Personal information
- Nationality: British (English)
- Born: 11 September 1979 (age 46) Dartford, Kent, England

Sport
- Sport: Athletics
- Event: shot put
- Club: Shaftesbury Barnet Harriers

= Julie Dunkley =

English shot putter (born 1979)

Julie Dunkley (born 11 September 1979) is an English female former athlete who competed in the women's shot put. She has a personal best distance of 16.40 metres.

== Biography ==
Dunkley, a member of Shaftesbury Barnet Harriers, finished second behind Myrtle Augee in the shot put event at the 1999 AAA Championships and continued to podium for four consecutive years; second in 2000 behind Judy Oakes, second behind Jo Duncan in 2001 and second to Augee again in 2002.
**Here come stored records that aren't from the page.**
(*
  Data processing: if W is degraded with respect to Q then, for every prior \<pi> on the input,
  the Bayes error of guessing the input from the output of W is at least that of Q. For a mixture
  of BSCs with crossovers at most 1/2 the Bayes error at prior \<pi> is \<Sum>i p_i min(\<epsilon>_i, \<pi>); at
  \<pi> = 1/2 this is the mean crossover, i.e. P_epsilon.

  Since Q itself lies in B_2, a 4-P-degradation W of Q has P_epsilon(W) = P_epsilon(Q), so W and Q
  have the same mean crossover; comparing the Bayes errors at \<pi> = \<sigma>1 and \<pi> = \<sigma>2 then gives
  \<sigma>1 \<le> \<epsilon>1 and \<epsilon>2 \<le> \<sigma>2. Conversely, under these conditions W is obtained from Q by keeping the
  BSC output bit and randomly relabelling the component index: the output law of B(s) is affine
  in s, so it suffices that each new component receives the right total weight and mean crossover.
*)

lemma sums_pmf_one: "pmf (M :: nat pmf) sums 1"
proof -
  have "pmf M sums (integral\<^sup>L (count_space UNIV) (pmf M))"
    by (rule sums_integral_count_space_nat) (rule integrable_pmf)
  then show ?thesis by (simp add: integral_pmf)
qed

lemma pmf_map_bernoulli:
  assumes "0 \<le> t" "t \<le> 1"
  shows "pmf (map_pmf f (bernoulli_pmf t)) y
    = (if f True = y then t else 0) + (if f False = y then 1 - t else 0)"
proof -
  have "pmf (map_pmf f (bernoulli_pmf t)) y = (\<Sum>b\<in>f -` {y}. pmf (bernoulli_pmf t) b)"
    unfolding pmf_map by (rule measure_measure_pmf_finite) simp
  also have "\<dots> = (\<Sum>b\<in>UNIV. if f b = y then pmf (bernoulli_pmf t) b else 0)"
    by (simp add: vimage_def flip: sum.inter_filter)
  finally show ?thesis using assms by (simp add: UNIV_bool)
qed

lemma pmf_map_prod_encode_fixed_fst:
  "pmf (map_pmf (\<lambda>b. prod_encode (i, b)) M) (prod_encode (j, b')) = (if i = j then pmf M b' else 0)"
proof (cases "i = j")
  case True
  then show ?thesis using pmf_map_inj'[of "\<lambda>b. prod_encode (i, b)" M b'] by (simp add: inj_def)
next
  case False
  then show ?thesis by (auto intro!: pmf_map_outside)
qed

lemma pmf_map_prod_encode_fixed_snd:
  "pmf (map_pmf (\<lambda>i. prod_encode (i, b)) M) (prod_encode (j, b')) = (if b = b' then pmf M j else 0)"
proof (cases "b = b'")
  case True
  then show ?thesis using pmf_map_inj'[of "\<lambda>i. prod_encode (i, b)" M j] by (simp add: inj_def)
next
  case False
  then show ?thesis by (auto intro!: pmf_map_outside)
qed

lemma sum_prod_encode_image:
  "(\<Sum>z\<in>prod_encode ` (I \<times> B). f z) = (\<Sum>i\<in>I. \<Sum>b\<in>B. f (prod_encode (i, b)))"
  by (simp add: sum.reindex inj_prod_encode sum.cartesian_product)

lemma pmf_bind_finite_support:
  assumes "finite S" "set_pmf M \<subseteq> S"
  shows "pmf (bind_pmf M f) y = (\<Sum>z\<in>S. pmf M z * pmf (f z) y)"
  unfolding pmf_bind using assms
  by (subst integral_measure_pmf_real[of S]) (auto simp: mult.commute)

lemma pmf_BSC:
  assumes "0 \<le> e" "e \<le> 1"
  shows "pmf (BSC e x) y = (if y = of_bool x then 1 - e else if y = of_bool (\<not> x) then e else 0)"
  using assms by (cases x) (auto simp: BSC_def pmf_map_bernoulli)

lemma pmf_BSC_affine:
  assumes "0 \<le> e" "e \<le> 1"
  shows "pmf (BSC e x) y = (1 - e) * pmf (BSC 0 x) y + e * pmf (BSC 1 x) y"
  using assms by (simp add: pmf_BSC)

lemma set_pmf_BSC: "set_pmf (BSC e x) \<subseteq> {0, 1}"
  by (auto simp: BSC_def)

lemma pmf_switch:
  assumes "prob_vec n p"
  shows "pmf (switch n p Ws x) (prod_encode (i, y)) = (if i < n then p i else 0) * pmf (Ws i x) y"
proof -
  define w where "w = (\<lambda>k. if k < n then p k else 0)"
  have w_nonneg: "0 \<le> w k" for k
    using assms by (simp add: w_def prob_vec_def)
  have "(\<integral>\<^sup>+k. ennreal (w k) \<partial>count_space UNIV) = (\<Sum>k<n. ennreal (w k))"
    unfolding nn_integral_count_space_nat by (rule suminf_finite) (auto simp: w_def)
  also have "\<dots> = ennreal (\<Sum>k<n. p k)"
    using assms unfolding prob_vec_def w_def by (subst sum_ennreal) auto
  also have "\<dots> = 1"
    using assms by (simp add: prob_vec_def)
  finally have pmf_w: "pmf (embed_pmf w) k = w k" for k
    by (rule pmf_embed_pmf[OF w_nonneg])
  have "pmf (switch n p Ws x) (prod_encode (i, y))
      = (\<integral>k. pmf (map_pmf (\<lambda>b. prod_encode (k, b)) (Ws k x)) (prod_encode (i, y)) \<partial>embed_pmf w)"
    by (simp add: switch_def pmf_bind w_def)
  also have "\<dots> = pmf (Ws i x) y * w i"
    by (subst integral_measure_pmf_real[of "{i}"]) (auto simp: pmf_map_prod_encode_fixed_fst pmf_w split: if_splits)
  finally show ?thesis by (simp add: w_def)
qed

lemma set_pmf_switch:
  assumes "prob_vec n p" "\<And>i. i < n \<Longrightarrow> set_pmf (Ws i x) \<subseteq> B"
  shows "set_pmf (switch n p Ws x) \<subseteq> prod_encode ` ({..<n} \<times> B)"
proof
  fix z assume z: "z \<in> set_pmf (switch n p Ws x)"
  obtain i y where z_eq: "z = prod_encode (i, y)"
    by (metis prod_decode_inverse surj_pair)
  with z have "i < n" "y \<in> set_pmf (Ws i x)"
    by (auto simp: set_pmf_iff pmf_switch[OF assms(1)] split: if_splits)
  with assms(2) z_eq show "z \<in> prod_encode ` ({..<n} \<times> B)" by blast
qed

lemma prob_vec_two:
  assumes "0 \<le> a" "a \<le> 1"
  shows "prob_vec 2 (\<lambda>i. if i = 0 then 1 - a else a)"
  using assms by (simp add: prob_vec_def lessThan_Suc numeral_2_eq_2)

lemma in_B_mix2:
  assumes "0 \<le> a" "a \<le> 1" "0 \<le> e1" "e1 \<le> 1" "0 \<le> e2" "e2 \<le> 1"
  shows "in_B 2 (mix2 a e1 e2)"
  unfolding in_B_def mix2_def chan_equiv_def
  using assms prob_vec_two[of a] by (intro exI[of _ "\<lambda>i. if i = 0 then e1 else e2"] exI) auto

lemma set_pmf_mix2:
  assumes "0 \<le> a" "a \<le> 1"
  shows "set_pmf (mix2 a e1 e2 x) \<subseteq> prod_encode ` ({..<2} \<times> {0, 1})"
  unfolding mix2_def using prob_vec_two[OF assms] set_pmf_BSC by (rule set_pmf_switch)

definition bayes_error :: "real \<Rightarrow> bidmc \<Rightarrow> real" where
  "bayes_error \<pi> W = (\<Sum>y. min ((1 - \<pi>) * pmf (W False) y) (\<pi> * pmf (W True) y))"

lemma bayes_error_finite_support:
  assumes "finite S" "\<And>x. set_pmf (W x) \<subseteq> S"
  shows "bayes_error \<pi> W = (\<Sum>y\<in>S. min ((1 - \<pi>) * pmf (W False) y) (\<pi> * pmf (W True) y))"
proof -
  have "pmf (W x) y = 0" if "y \<notin> S" for x y
    using assms(2)[of x] that by (auto simp: set_pmf_iff)
  then show ?thesis
    unfolding bayes_error_def using assms(1) by (intro suminf_finite) auto
qed

lemma summable_min_pmf:
  assumes "0 \<le> c" "0 \<le> d"
  shows "summable (\<lambda>y. min (c * pmf (W False) y) (d * pmf (W True) y))"
proof (rule summable_comparison_test')
  show "summable (\<lambda>y. c * pmf (W False) y)"
    using sums_summable[OF sums_pmf_one] by (rule summable_mult)
qed (use assms in auto)

lemma P_err_eq_bayes_error: "P_err W = bayes_error (1/2) W"
proof -
  have "bayes_error (1/2) W = (\<Sum>y. min (pmf (W False) y) (pmf (W True) y) / 2)"
    unfolding bayes_error_def by (simp add: min_divide_distrib_right)
  also have "\<dots> = P_err W"
    unfolding P_err_def using summable_min_pmf[of 1 1 W] by (simp add: suminf_divide)
  finally show ?thesis ..
qed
Dunkley represented England at the 2002 Commonwealth Games in Manchester, finishing 7th, and was third behind Jo Duncan at the 2003 AAAs.

Dunkley finally became the British shot put champion after winning the British AAA Championships title at the 2004 AAA Championships and proceeded to win twice more at the 2005 AAA Championships and 2006 AAA Championships.

Dunkley represented England at the 2006 Commonwealth Games in Melbourne, finishing 10th.

Dunkley was also a two-time National indoor champion, winning two indoor titles in 2001 and 2006.